### What is expected
Scan the listing below. Return every line containing the string "rule".

* * *

lemma decode_runs_nonempty:
  assumes c: "c = 2 \<or> c = 3" and a: "a + c \<le> 2^L" and base: "decode L (runs c a 0) \<noteq> {}"
  shows "decode (L + 2*n) (runs c a n) \<noteq> {}"
proof (induction n)
  case (Suc n)
  have "decode (L + 2*n) (runs c a n)
      \<subseteq> decode (L + 2*n) (image_stage (L + 2*n) (image_stage (Suc (L + 2*n)) (runs c a (Suc n))))"
    using runs_subset_image_stage_twice[OF c a] image_stage_subset
    by (intro decode_mono) (auto simp: edges_def)
  then show ?case
    using Suc.IH by auto
qed (use base in simp)

(* The seeds are {0,1} at level 2 and {1,2,3} at level 3. *)
lemma decode_runs_base:
  assumes "c = 2 \<or> c = 3"
  shows "decode c (runs c (c - 2) 0) \<noteq> {}"
  using assms
proof
  assume c: "c = 2"
  have "0 mod 2^0 \<in> image_stage 0 (image_stage (Suc 0) {0..<2})"
    by (subst mod_mem_image_stage_twice_iff) (auto simp: double_majority_def majority_def)
  then show ?thesis
    using c by (auto simp: runs_def numeral_2_eq_2)
next
  assume c: "c = 3"
  let ?g = "image_stage 1 (image_stage 2 {1..<4})"
  have "0 mod 2^1 \<in> image_stage 1 (image_stage (Suc 1) {1..<4})"
    by (subst mod_mem_image_stage_twice_iff) (auto simp: double_majority_def majority_def)
  moreover have "?g \<subseteq> {..<2}"
    using image_stage_subset[of 1] by simp
  ultimately have "image_stage 0 ?g \<noteq> {}"
    using image_stage_0 by (simp add: numeral_2_eq_2)
  moreover have "decode 3 {1..<4} = image_stage 0 ?g"
    by (simp add: numeral_3_eq_3 numeral_2_eq_2)
  ultimately show ?thesis
    using c by (simp add: runs_def)
qed

lemma u_add_twice: "2 \<le> k \<Longrightarrow> u (k + 2*n) = 2^n * u k"
  by (induction n) (simp_all add: u_Suc_Suc)

lemma exists_undecodable_pattern:
  assumes "1 \<le> k"
  obtains f where "f \<subseteq> edges k" "card f \<le> u k" "\<not> decoded_correctly k f"
proof (cases "k = 1")
  case True
  have "image_stage 0 {0} = {0}"
    by (simp add: image_stage_0)
  then show ?thesis
    using True by (intro that[of "{0}"]) (auto simp: edges_def decoded_correctly_def)
next
  case False
  then have "\<exists>c n. (c = 2 \<or> c = 3) \<and> k = c + 2*n"
    using assms by presburger
  then obtain c n where c: "c = 2 \<or> c = 3" and k: "k = c + 2*n"
    by blast
  have base: "c - 2 + c \<le> 2^c" and "2 \<le> c" and "u c = c"
    using c by (auto simp: numeral_3_eq_3 numeral_2_eq_2)
  show ?thesis
  proof (rule that)
    show "runs c (c - 2) n \<subseteq> edges k"
      using runs_subset_edges[of c, OF _ base] \<open>2 \<le> c\<close> k by simp
    show "card (runs c (c - 2) n) \<le> u k"
      using card_runs_le[of c "c - 2" n] u_add_twice[OF \<open>2 \<le> c\<close>, of n] k \<open>u c = c\<close>
      by (simp add: mult.commute)
    show "\<not> decoded_correctly k (runs c (c - 2) n)"
      using decode_runs_nonempty[OF c base decode_runs_base[OF c]] k
      by (simp add: decoded_correctly_def)
  qed
qed

lemma omega_eqI:
  assumes correct: "\<And>f. f \<subseteq> edges k \<Longrightarrow> card f < w \<Longrightarrow> decoded_correctly k f"
    and f: "f \<subseteq> edges k" "card f \<le> w" "\<not> decoded_correctly k f"
  shows "omega k = w - 1"
proof -
  have "1 \<le> card f"
    using f(1,3) card_pos_if_decode_nonempty unfolding decoded_correctly_def by blast
  with f(2) have "w - 1 < w"
    by simp
  then have "\<forall>f'. f' \<subseteq> edges k \<and> card f' \<le> w - 1 \<longrightarrow> decoded_correctly k f'"
    by (intro allI impI correct) auto
  moreover have "y \<le> w - 1" if "\<forall>f'. f' \<subseteq> edges k \<and> card f' \<le> y \<longrightarrow> decoded_correctly k f'" for y
  proof (rule ccontr)
    assume "\<not> y \<le> w - 1"
    with f(2) have "card f \<le> y"
      by linarith
    with that f show False
      by blast
  qed
  ultimately show ?thesis
    unfolding omega_def by (rule Greatest_equality)
qed

theorem proposition4:
  fixes k :: nat
  assumes "k \<ge> 1"
  shows "omega k = u k - 1"
proof -
  obtain f where "f \<subseteq> edges k" "card f \<le> u k" "\<not> decoded_correctly k f"
    using exists_undecodable_pattern[OF assms] .
  moreover have "decoded_correctly k f'" if "f' \<subseteq> edges k" "card f' < u k" for f'
    using u_le_card_if_decode_nonempty[OF assms that(1)] that(2)
    by (auto simp: decoded_correctly_def)
  ultimately show ?thesis
    by (intro omega_eqI) auto
qed

end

* * *

### Written answer
  proof (rule that)
  proof (rule ccontr)
    unfolding omega_def by (rule Greatest_equality)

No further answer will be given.